◆ **Activity**
Find the string "inter" in the records. Copy every line it appears in.
Data listing START
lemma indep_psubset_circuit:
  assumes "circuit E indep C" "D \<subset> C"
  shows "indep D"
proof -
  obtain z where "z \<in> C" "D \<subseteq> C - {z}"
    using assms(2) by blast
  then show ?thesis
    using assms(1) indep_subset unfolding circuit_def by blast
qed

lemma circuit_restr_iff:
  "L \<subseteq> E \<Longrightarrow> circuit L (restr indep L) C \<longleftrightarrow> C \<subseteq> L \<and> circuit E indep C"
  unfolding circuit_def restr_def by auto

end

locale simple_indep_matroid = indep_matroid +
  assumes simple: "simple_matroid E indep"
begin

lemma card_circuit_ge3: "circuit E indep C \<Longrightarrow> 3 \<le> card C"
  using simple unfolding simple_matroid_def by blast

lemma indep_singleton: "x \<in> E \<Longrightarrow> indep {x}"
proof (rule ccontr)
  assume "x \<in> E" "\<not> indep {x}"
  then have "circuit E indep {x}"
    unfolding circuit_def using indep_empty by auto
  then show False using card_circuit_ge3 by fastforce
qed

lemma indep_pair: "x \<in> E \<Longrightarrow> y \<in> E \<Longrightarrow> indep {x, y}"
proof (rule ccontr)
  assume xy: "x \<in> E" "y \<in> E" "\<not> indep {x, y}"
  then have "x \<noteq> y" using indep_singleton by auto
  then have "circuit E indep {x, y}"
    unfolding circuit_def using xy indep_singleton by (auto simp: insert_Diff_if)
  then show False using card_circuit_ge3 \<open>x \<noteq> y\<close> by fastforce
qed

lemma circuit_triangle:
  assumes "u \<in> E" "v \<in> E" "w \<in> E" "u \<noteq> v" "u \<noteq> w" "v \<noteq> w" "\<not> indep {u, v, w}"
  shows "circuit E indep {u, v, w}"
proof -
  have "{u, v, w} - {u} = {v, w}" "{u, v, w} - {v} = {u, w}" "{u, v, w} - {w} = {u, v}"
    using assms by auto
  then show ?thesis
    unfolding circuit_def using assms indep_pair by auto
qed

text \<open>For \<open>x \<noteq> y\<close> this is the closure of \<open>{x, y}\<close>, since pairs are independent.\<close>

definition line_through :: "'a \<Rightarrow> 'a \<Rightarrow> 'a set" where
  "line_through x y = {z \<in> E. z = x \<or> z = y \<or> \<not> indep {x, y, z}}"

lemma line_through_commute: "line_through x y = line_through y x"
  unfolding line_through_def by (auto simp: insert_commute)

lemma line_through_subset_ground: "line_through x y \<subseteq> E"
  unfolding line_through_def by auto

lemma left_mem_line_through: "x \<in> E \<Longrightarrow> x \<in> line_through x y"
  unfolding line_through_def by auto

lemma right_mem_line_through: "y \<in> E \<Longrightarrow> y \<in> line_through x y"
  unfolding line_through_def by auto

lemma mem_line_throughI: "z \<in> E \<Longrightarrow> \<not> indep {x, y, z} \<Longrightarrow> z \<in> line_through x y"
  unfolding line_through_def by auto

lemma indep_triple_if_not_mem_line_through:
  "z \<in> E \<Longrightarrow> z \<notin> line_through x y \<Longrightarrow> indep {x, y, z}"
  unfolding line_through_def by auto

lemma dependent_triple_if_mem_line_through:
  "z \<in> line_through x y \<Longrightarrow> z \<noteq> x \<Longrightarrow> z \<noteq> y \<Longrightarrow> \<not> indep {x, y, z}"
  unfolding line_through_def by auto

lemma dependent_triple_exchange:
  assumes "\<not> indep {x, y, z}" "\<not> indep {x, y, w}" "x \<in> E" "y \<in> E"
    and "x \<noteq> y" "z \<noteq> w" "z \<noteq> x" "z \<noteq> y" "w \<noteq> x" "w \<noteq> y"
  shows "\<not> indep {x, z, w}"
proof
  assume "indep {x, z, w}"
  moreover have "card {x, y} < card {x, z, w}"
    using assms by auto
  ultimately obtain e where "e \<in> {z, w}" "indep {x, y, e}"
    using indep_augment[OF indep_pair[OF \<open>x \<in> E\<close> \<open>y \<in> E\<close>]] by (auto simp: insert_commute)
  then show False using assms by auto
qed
Data listing END
Data listing START
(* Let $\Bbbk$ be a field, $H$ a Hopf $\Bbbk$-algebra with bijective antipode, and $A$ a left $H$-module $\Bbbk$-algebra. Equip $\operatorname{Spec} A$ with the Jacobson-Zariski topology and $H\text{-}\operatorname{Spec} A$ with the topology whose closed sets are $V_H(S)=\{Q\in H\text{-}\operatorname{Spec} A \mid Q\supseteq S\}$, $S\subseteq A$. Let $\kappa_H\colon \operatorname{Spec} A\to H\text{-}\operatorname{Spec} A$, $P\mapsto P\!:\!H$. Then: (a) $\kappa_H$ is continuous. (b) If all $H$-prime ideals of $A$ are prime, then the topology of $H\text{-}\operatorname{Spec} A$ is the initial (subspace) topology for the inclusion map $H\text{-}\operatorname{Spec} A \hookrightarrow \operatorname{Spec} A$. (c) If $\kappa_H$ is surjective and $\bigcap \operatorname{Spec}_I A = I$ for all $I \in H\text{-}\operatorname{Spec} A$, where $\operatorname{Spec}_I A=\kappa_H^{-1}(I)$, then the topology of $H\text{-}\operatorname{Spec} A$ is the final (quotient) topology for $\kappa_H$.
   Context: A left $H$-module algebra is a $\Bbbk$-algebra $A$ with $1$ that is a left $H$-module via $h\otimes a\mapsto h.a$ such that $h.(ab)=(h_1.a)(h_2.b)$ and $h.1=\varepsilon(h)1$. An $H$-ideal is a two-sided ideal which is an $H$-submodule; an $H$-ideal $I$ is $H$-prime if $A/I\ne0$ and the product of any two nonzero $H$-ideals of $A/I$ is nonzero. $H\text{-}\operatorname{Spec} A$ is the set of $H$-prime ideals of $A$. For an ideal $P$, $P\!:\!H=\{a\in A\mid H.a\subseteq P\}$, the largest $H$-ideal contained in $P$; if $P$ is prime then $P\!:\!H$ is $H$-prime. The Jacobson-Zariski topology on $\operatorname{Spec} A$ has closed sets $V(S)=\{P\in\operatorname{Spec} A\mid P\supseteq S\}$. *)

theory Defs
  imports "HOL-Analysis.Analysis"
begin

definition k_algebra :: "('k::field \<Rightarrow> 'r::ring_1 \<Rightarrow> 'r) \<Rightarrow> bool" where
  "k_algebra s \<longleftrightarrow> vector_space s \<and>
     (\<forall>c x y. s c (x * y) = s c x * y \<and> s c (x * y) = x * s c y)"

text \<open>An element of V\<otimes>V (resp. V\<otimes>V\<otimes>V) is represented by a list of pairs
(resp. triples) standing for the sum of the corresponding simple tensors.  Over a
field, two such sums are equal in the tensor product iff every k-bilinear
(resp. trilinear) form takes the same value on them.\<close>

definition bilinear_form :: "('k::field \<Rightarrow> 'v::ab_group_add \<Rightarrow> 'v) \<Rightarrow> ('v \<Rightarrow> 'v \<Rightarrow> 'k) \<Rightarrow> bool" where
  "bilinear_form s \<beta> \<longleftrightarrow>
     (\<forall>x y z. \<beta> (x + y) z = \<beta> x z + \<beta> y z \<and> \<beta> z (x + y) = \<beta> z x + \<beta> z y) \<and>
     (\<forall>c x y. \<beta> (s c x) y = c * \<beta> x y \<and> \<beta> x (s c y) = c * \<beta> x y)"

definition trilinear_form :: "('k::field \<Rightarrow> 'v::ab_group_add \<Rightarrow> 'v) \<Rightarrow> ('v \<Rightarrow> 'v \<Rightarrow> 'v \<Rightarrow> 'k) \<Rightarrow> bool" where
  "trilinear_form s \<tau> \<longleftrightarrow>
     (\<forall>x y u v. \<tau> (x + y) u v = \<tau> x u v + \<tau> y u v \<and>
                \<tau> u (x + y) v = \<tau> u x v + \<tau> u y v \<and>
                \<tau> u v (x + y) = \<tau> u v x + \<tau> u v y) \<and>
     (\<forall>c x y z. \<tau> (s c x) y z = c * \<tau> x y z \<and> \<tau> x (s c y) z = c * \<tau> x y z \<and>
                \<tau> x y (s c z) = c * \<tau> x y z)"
Data listing END
Data listing START
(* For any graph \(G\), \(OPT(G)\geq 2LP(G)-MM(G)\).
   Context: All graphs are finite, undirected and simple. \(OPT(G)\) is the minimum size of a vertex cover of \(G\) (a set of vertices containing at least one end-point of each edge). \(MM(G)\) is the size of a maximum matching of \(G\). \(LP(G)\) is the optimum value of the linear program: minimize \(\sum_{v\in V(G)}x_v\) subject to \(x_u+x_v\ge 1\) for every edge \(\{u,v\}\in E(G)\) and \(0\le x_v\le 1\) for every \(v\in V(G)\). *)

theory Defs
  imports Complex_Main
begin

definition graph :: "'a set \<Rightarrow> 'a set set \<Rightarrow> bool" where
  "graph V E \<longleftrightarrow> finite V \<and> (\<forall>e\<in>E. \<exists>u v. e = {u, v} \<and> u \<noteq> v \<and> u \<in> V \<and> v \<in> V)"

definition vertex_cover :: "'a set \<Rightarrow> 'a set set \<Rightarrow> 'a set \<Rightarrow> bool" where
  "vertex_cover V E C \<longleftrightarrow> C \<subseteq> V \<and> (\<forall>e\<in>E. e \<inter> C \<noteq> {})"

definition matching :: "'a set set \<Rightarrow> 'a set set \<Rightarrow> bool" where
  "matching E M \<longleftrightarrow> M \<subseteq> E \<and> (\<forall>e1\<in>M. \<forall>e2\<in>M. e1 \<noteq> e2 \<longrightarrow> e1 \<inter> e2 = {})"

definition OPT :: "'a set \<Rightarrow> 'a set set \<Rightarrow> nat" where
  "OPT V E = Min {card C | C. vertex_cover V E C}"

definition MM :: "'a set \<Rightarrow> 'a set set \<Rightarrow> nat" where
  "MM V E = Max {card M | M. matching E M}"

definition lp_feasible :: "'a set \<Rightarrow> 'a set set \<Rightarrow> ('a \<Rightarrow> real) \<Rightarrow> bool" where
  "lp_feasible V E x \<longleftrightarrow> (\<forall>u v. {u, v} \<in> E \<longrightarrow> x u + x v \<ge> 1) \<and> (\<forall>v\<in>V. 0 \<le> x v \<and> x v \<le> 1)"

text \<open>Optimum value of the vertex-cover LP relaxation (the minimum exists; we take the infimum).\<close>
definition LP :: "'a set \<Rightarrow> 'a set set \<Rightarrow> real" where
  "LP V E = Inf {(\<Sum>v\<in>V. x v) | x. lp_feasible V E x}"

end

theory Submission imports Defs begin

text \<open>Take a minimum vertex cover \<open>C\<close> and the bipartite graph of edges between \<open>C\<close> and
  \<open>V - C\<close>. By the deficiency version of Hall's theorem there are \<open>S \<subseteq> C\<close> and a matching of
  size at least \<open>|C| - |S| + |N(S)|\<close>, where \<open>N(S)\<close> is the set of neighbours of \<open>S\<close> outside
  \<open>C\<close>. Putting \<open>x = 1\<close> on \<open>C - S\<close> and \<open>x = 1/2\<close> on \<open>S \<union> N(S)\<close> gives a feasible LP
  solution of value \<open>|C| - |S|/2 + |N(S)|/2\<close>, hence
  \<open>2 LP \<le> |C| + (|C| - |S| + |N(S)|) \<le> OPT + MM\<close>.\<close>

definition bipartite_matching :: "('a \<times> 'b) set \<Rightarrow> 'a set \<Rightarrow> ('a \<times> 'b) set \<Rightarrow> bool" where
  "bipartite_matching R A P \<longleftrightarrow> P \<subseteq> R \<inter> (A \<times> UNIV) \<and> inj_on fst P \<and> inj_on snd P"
Data listing END
◆ **Answer box**
  "vertex_cover V E C \<longleftrightarrow> C \<subseteq> V \<and> (\<forall>e\<in>E. e \<inter> C \<noteq> {})"
  "matching E M \<longleftrightarrow> M \<subseteq> E \<and> (\<forall>e1\<in>M. \<forall>e2\<in>M. e1 \<noteq> e2 \<longrightarrow> e1 \<inter> e2 = {})"
  "bipartite_matching R A P \<longleftrightarrow> P \<subseteq> R \<inter> (A \<times> UNIV) \<and> inj_on fst P \<and> inj_on snd P"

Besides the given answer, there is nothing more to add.